[Stored items]
= = = = = = =
lemma mult_hstack3:
  fixes Z :: "'a::semiring_0 mat"
  assumes "A1 \<in> carrier_mat c s1" "A2 \<in> carrier_mat c s2" "A3 \<in> carrier_mat c s3" "Z \<in> carrier_mat r c"
  shows "Z * hstack3 A1 A2 A3 = hstack3 (Z * A1) (Z * A2) (Z * A3)"
  unfolding hstack3_def using assms
  by (simp add: mult_hstack[of Z r c _ s1 _ "s2 + s3"] mult_hstack[of Z r c _ s2 _ s3])

lemma vstack3_entrywise:
  fixes A1 :: "'a::group_add mat"
  assumes "dim_row A1 = dim_row B1" "dim_row A2 = dim_row B2" "dim_row A3 = dim_row B3"
    "dim_col A2 = dim_col A1" "dim_col A3 = dim_col A1"
    "dim_col B1 = dim_col A1" "dim_col B2 = dim_col A1" "dim_col B3 = dim_col A1"
  shows "vstack3 A1 A2 A3 + vstack3 B1 B2 B3 = vstack3 (A1 + B1) (A2 + B2) (A3 + B3)"
    and "vstack3 A1 A2 A3 - vstack3 B1 B2 B3 = vstack3 (A1 - B1) (A2 - B2) (A3 - B3)"
  using assms unfolding vstack3_def vstack_def by (intro eq_matI; auto)+

lemma vstack3_uminus:
  fixes A1 :: "'a::group_add mat"
  assumes "dim_col A2 = dim_col A1" "dim_col A3 = dim_col A1"
  shows "- vstack3 A1 A2 A3 = vstack3 (- A1) (- A2) (- A3)"
  using assms unfolding vstack3_def vstack_def by (intro eq_matI) auto

lemma vstack3_smult:
  fixes A1 :: "'a::semiring_0 mat"
  assumes "dim_col A2 = dim_col A1" "dim_col A3 = dim_col A1"
  shows "x \<cdot>\<^sub>m vstack3 A1 A2 A3 = vstack3 (x \<cdot>\<^sub>m A1) (x \<cdot>\<^sub>m A2) (x \<cdot>\<^sub>m A3)"
  using assms unfolding vstack3_def vstack_def by (intro eq_matI) auto

lemma hstack3_unit_columns:
  "hstack3 (vstack3 (1\<^sub>m m) (0\<^sub>m a m) (0\<^sub>m b m)) (vstack3 (0\<^sub>m m a) (1\<^sub>m a) (0\<^sub>m b a))
     (vstack3 (0\<^sub>m m b) (0\<^sub>m a b) (1\<^sub>m b)) = (1\<^sub>m (m + a + b) :: 'a::zero_neq_one mat)"
  unfolding vstack3_def hstack3_def vstack_def hstack_def by (intro eq_matI) auto

lemma adj_carrier [simp]: "A \<in> carrier_mat r c \<Longrightarrow> adj A \<in> carrier_mat c r"
  unfolding mat_adjoint_def by auto

lemma adj_dims [simp]: "dim_row (adj A) = dim_col A" "dim_col (adj A) = dim_row A"
  unfolding mat_adjoint_def by auto

lemma adj_index [simp]:
  "i < dim_col A \<Longrightarrow> j < dim_row A \<Longrightarrow> adj A $$ (i, j) = cnj (A $$ (j, i))"
  unfolding mat_adjoint_def by (auto simp: mat_of_rows_index)

lemma adj_adj [simp]: "adj (adj A) = A"
  by (intro eq_matI) auto

lemma adj_one [simp]: "adj (1\<^sub>m n) = 1\<^sub>m n"
  by (intro eq_matI) auto

lemma adj_zero [simp]: "adj (0\<^sub>m r c) = 0\<^sub>m c r"
  by (intro eq_matI) auto

lemma adj_uminus: "adj (- A) = - adj A"
  by (intro eq_matI) auto

lemma adj_smult: "adj (k \<cdot>\<^sub>m A) = cnj k \<cdot>\<^sub>m adj A"
  by (intro eq_matI) auto

lemma adj_add: "dim_row A = dim_row B \<Longrightarrow> dim_col A = dim_col B \<Longrightarrow> adj (A + B) = adj A + adj B"
  by (intro eq_matI) auto

lemma adj_minus: "dim_row A = dim_row B \<Longrightarrow> dim_col A = dim_col B \<Longrightarrow> adj (A - B) = adj A - adj B"
  by (intro eq_matI) auto

lemma adj_mult: "dim_col A = dim_row B \<Longrightarrow> adj (A * B) = adj B * adj A"
  by (intro eq_matI) (auto simp: scalar_prod_def mult.commute intro: sum.cong)

lemma adj_vstack3:
  "dim_col B = dim_col A \<Longrightarrow> dim_col C = dim_col A \<Longrightarrow>
   adj (vstack3 A B C) = hstack3 (adj A) (adj B) (adj C)"
  unfolding vstack3_def hstack3_def vstack_def hstack_def by (intro eq_matI) auto

section \<open>Matrix algebra driven by dimensions\<close>

text \<open>The ring laws for matrices carry carrier side
  conditions; restated with equations between dimensions they can be used as conditional rewrite
  rules whose side conditions the simplifier discharges from the [simp] dimension facts.  Rewriting
  with this collection normalises a matrix expression: products are associated to the right,
  distributed over sums and differences, scalars are pulled out, and adjoints are pushed inwards.\<close>

named_theorems mat_algebra

lemma assoc_mult_dims [mat_algebra]:
  "dim_col A = dim_row B \<Longrightarrow> dim_col B = dim_row C \<Longrightarrow> A * B * C = A * (B * C)"
  by (rule assoc_mult_mat[OF carrier_matI carrier_matI carrier_matI]) auto

lemma mult_add_distrib_dims [mat_algebra]:
  fixes A :: "'a::semiring_0 mat"
  shows "dim_col A = dim_row B \<Longrightarrow> dim_row B = dim_row C \<Longrightarrow> dim_col B = dim_col C \<Longrightarrow>
    A * (B + C) = A * B + A * C"
  by (rule mult_add_distrib_mat[OF carrier_matI carrier_matI carrier_matI]) auto

lemma add_mult_distrib_dims [mat_algebra]:
  fixes A :: "'a::semiring_0 mat"
  shows "dim_row A = dim_row B \<Longrightarrow> dim_col A = dim_col B \<Longrightarrow> dim_col A = dim_row C \<Longrightarrow>
    (A + B) * C = A * C + B * C"
  by (rule add_mult_distrib_mat[OF carrier_matI carrier_matI carrier_matI]) auto

lemma mult_minus_distrib_dims [mat_algebra]:
  fixes A :: "'a::ring mat"
  shows "dim_col A = dim_row B \<Longrightarrow> dim_row B = dim_row C \<Longrightarrow> dim_col B = dim_col C \<Longrightarrow>
    A * (B - C) = A * B - A * C"
  by (rule mult_minus_distrib_mat[OF carrier_matI carrier_matI carrier_matI]) auto

lemma minus_mult_distrib_dims [mat_algebra]:
  fixes A :: "'a::ring mat"
  shows "dim_row A = dim_row B \<Longrightarrow> dim_col A = dim_col B \<Longrightarrow> dim_col A = dim_row C \<Longrightarrow>
    (A - B) * C = A * C - B * C"
  by (rule minus_mult_distrib_mat[OF carrier_matI carrier_matI carrier_matI]) auto

lemma smult_mult_dims [mat_algebra]:
  fixes k :: "'a::comm_semiring_0"
  shows "dim_col A = dim_row B \<Longrightarrow> (k \<cdot>\<^sub>m A) * B = k \<cdot>\<^sub>m (A * B)"
    and "dim_col A = dim_row B \<Longrightarrow> A * (k \<cdot>\<^sub>m B) = k \<cdot>\<^sub>m (A * B)"
  by (rule mult_smult_assoc_mat mult_smult_distrib; auto intro!: carrier_matI)+

lemma smult_smult_mat [mat_algebra]: "k \<cdot>\<^sub>m (l \<cdot>\<^sub>m A) = (k * l :: 'a::semigroup_mult) \<cdot>\<^sub>m A"
  by (rule eq_matI) (auto simp: mult.assoc)

lemma smult_one_mat [mat_algebra]: "(1::'a::monoid_mult) \<cdot>\<^sub>m A = A"
  by (rule eq_matI) auto

lemma minus_zero_dims [mat_algebra]:
  fixes A :: "'a::group_add mat"
  shows "dim_row A = r \<Longrightarrow> dim_col A = c \<Longrightarrow> A - 0\<^sub>m r c = A"
    and "dim_row A = r \<Longrightarrow> dim_col A = c \<Longrightarrow> 0\<^sub>m r c - A = - A"
  by (rule eq_matI; auto)+

lemma additive_inverse_mat [mat_algebra]:
  fixes A :: "'a::ab_group_add mat"
  shows "A - A = 0\<^sub>m (dim_row A) (dim_col A)"
    and "A + - A = 0\<^sub>m (dim_row A) (dim_col A)"
    and "- A + A = 0\<^sub>m (dim_row A) (dim_col A)"
    and "- 0\<^sub>m r c = (0\<^sub>m r c :: 'a mat)"
  by (rule eq_matI; auto)+

lemma vstack3_mult_dims [mat_algebra]:
  fixes A1 :: "'a::semiring_0 mat"
  assumes "dim_col A1 = dim_row Z" "dim_col A2 = dim_col A1" "dim_col A3 = dim_col A1"
  shows "vstack3 A1 A2 A3 * Z = vstack3 (A1 * Z) (A2 * Z) (A3 * Z)"
  by (rule vstack3_mult[of _ "dim_row A1" "dim_col A1" _ "dim_row A2" _ "dim_row A3" _ "dim_col Z"];
      rule carrier_matI; simp add: assms)

lemma mult_hstack3_dims [mat_algebra]:
  fixes Z :: "'a::semiring_0 mat"
  assumes "dim_col Z = dim_row A1" "dim_row A2 = dim_row A1" "dim_row A3 = dim_row A1"
  shows "Z * hstack3 A1 A2 A3 = hstack3 (Z * A1) (Z * A2) (Z * A3)"
  by (rule mult_hstack3[of _ "dim_row A1" "dim_col A1" _ "dim_col A2" _ "dim_col A3" _ "dim_row Z"];
      rule carrier_matI; simp add: assms)

declare vstack3_entrywise [mat_algebra] vstack3_uminus [mat_algebra] vstack3_smult [mat_algebra]
  adj_uminus [mat_algebra] adj_smult [mat_algebra] adj_add [mat_algebra] adj_minus [mat_algebra]
  adj_mult [mat_algebra]

text \<open>Turns a product identity \<open>A B = C\<close> into a rewrite rule that also applies inside the
  right-associated normal form.\<close>
lemma mult_assoc_cancel:
  "A * B = C \<Longrightarrow> dim_col A = dim_row B \<Longrightarrow> dim_col B = dim_row Z \<Longrightarrow> A * (B * Z) = C * Z"
  using assoc_mult_dims[of A B Z] by simp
= = = = = = =
*YOUR ASSIGNMENT*
Your reply should be a single number: the count of lines above that contain the word "with".

*ANSWER AREA*
2